_EXERCISE_: When a line in the listing below contains the word "scaleC", return a copy of that line.

_TASK INPUTS_:

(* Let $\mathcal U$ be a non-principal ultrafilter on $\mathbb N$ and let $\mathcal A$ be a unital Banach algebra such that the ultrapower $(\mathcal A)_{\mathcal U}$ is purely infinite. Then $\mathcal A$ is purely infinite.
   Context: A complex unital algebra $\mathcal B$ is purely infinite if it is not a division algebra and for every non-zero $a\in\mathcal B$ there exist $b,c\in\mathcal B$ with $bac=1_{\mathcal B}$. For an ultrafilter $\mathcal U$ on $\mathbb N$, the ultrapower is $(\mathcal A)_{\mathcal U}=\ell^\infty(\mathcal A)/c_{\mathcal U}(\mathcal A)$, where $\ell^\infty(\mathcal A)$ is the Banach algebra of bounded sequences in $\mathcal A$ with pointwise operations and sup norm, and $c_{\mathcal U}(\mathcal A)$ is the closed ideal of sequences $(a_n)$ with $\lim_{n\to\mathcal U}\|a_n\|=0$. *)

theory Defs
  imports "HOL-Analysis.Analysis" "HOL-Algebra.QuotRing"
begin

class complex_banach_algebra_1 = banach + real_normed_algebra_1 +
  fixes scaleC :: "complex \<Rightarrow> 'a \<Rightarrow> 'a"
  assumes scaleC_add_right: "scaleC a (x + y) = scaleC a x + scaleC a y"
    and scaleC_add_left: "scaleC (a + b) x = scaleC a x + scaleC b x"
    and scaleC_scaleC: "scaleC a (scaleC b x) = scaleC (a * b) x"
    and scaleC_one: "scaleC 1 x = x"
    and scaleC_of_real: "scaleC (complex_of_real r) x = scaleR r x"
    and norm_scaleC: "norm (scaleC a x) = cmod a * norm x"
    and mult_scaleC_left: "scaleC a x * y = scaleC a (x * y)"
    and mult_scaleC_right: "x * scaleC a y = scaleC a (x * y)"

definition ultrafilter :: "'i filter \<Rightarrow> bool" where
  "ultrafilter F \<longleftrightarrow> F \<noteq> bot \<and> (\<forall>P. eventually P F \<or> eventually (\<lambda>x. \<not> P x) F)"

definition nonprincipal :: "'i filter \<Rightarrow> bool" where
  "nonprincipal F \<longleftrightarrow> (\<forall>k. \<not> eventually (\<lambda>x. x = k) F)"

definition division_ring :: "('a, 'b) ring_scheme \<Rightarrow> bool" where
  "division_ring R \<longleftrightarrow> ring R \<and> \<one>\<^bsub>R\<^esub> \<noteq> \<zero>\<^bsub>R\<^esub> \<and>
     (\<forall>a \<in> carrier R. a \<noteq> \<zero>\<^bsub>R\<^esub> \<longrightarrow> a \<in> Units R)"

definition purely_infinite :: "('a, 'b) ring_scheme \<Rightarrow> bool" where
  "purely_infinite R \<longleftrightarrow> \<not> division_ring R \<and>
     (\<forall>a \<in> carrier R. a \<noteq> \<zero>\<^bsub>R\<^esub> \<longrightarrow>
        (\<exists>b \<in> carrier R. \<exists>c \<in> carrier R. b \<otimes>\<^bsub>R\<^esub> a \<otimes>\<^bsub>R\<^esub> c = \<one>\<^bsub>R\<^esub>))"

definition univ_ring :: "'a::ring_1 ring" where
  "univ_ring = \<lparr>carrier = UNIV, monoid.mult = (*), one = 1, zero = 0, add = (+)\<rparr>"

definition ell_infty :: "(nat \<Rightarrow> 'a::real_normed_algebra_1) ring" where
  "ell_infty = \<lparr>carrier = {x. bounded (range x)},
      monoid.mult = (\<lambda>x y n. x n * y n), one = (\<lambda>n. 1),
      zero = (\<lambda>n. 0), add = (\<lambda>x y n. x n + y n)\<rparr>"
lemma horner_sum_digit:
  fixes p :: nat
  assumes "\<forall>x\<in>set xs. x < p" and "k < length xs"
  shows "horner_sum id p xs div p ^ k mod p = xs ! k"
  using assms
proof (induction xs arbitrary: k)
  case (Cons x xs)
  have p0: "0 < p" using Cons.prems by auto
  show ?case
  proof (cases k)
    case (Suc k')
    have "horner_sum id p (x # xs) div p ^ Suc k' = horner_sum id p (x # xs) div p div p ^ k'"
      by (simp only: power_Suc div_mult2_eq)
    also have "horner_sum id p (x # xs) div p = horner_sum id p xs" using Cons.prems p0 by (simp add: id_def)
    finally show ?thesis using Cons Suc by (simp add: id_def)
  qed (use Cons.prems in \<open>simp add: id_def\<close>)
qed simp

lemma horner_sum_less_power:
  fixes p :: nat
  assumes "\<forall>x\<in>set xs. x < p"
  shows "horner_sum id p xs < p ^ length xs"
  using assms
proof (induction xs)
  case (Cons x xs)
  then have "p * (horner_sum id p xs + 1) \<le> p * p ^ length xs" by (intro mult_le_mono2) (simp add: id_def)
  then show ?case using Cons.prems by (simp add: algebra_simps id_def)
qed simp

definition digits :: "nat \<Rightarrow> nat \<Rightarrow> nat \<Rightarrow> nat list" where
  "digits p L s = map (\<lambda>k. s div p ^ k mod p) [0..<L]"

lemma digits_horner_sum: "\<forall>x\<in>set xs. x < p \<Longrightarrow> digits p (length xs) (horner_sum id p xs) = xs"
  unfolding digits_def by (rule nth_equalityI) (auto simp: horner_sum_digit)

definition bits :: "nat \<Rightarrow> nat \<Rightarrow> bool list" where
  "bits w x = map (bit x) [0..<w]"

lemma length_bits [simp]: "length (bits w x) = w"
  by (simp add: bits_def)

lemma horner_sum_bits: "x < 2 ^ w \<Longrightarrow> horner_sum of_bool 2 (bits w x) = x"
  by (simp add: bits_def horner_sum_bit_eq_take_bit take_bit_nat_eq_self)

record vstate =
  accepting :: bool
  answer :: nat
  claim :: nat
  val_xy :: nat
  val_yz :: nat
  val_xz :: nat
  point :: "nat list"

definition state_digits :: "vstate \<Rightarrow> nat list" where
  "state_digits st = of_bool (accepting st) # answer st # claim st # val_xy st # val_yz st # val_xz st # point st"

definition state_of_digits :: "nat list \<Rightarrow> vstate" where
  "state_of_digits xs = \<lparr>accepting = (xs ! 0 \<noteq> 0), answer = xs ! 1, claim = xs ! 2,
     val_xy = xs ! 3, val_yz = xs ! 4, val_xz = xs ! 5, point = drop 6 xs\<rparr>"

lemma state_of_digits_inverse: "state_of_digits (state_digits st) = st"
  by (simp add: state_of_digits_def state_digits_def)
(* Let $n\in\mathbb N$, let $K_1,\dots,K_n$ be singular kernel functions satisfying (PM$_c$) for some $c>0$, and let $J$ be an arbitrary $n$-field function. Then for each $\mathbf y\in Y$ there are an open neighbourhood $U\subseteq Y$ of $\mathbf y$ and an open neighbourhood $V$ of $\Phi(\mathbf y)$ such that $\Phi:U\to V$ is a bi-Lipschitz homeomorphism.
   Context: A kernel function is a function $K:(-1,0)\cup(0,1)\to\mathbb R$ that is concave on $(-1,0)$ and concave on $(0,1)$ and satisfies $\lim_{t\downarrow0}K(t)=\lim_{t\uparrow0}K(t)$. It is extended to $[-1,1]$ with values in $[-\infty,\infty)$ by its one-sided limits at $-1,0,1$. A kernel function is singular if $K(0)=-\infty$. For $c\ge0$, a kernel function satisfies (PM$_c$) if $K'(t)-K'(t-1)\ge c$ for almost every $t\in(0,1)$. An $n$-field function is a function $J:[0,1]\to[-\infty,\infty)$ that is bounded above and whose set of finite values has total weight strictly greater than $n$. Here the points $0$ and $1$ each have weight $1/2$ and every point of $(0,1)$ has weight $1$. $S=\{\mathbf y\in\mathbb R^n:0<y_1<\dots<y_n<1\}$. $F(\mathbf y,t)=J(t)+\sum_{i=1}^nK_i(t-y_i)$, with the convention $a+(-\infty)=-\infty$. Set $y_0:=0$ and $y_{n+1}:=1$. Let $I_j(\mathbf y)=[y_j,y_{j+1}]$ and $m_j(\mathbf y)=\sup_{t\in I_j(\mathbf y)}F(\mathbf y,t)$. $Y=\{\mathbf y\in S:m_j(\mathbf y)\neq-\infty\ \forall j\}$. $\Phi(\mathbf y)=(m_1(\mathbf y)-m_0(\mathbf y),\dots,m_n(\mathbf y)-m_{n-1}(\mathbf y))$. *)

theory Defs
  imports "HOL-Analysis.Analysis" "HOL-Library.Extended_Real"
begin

_EXPECTED ANSWER_:
  fixes scaleC :: "complex \<Rightarrow> 'a \<Rightarrow> 'a"
  assumes scaleC_add_right: "scaleC a (x + y) = scaleC a x + scaleC a y"
    and scaleC_add_left: "scaleC (a + b) x = scaleC a x + scaleC b x"
    and scaleC_scaleC: "scaleC a (scaleC b x) = scaleC (a * b) x"
    and scaleC_one: "scaleC 1 x = x"
    and scaleC_of_real: "scaleC (complex_of_real r) x = scaleR r x"
    and norm_scaleC: "norm (scaleC a x) = cmod a * norm x"
    and mult_scaleC_left: "scaleC a x * y = scaleC a (x * y)"
    and mult_scaleC_right: "x * scaleC a y = scaleC a (x * y)"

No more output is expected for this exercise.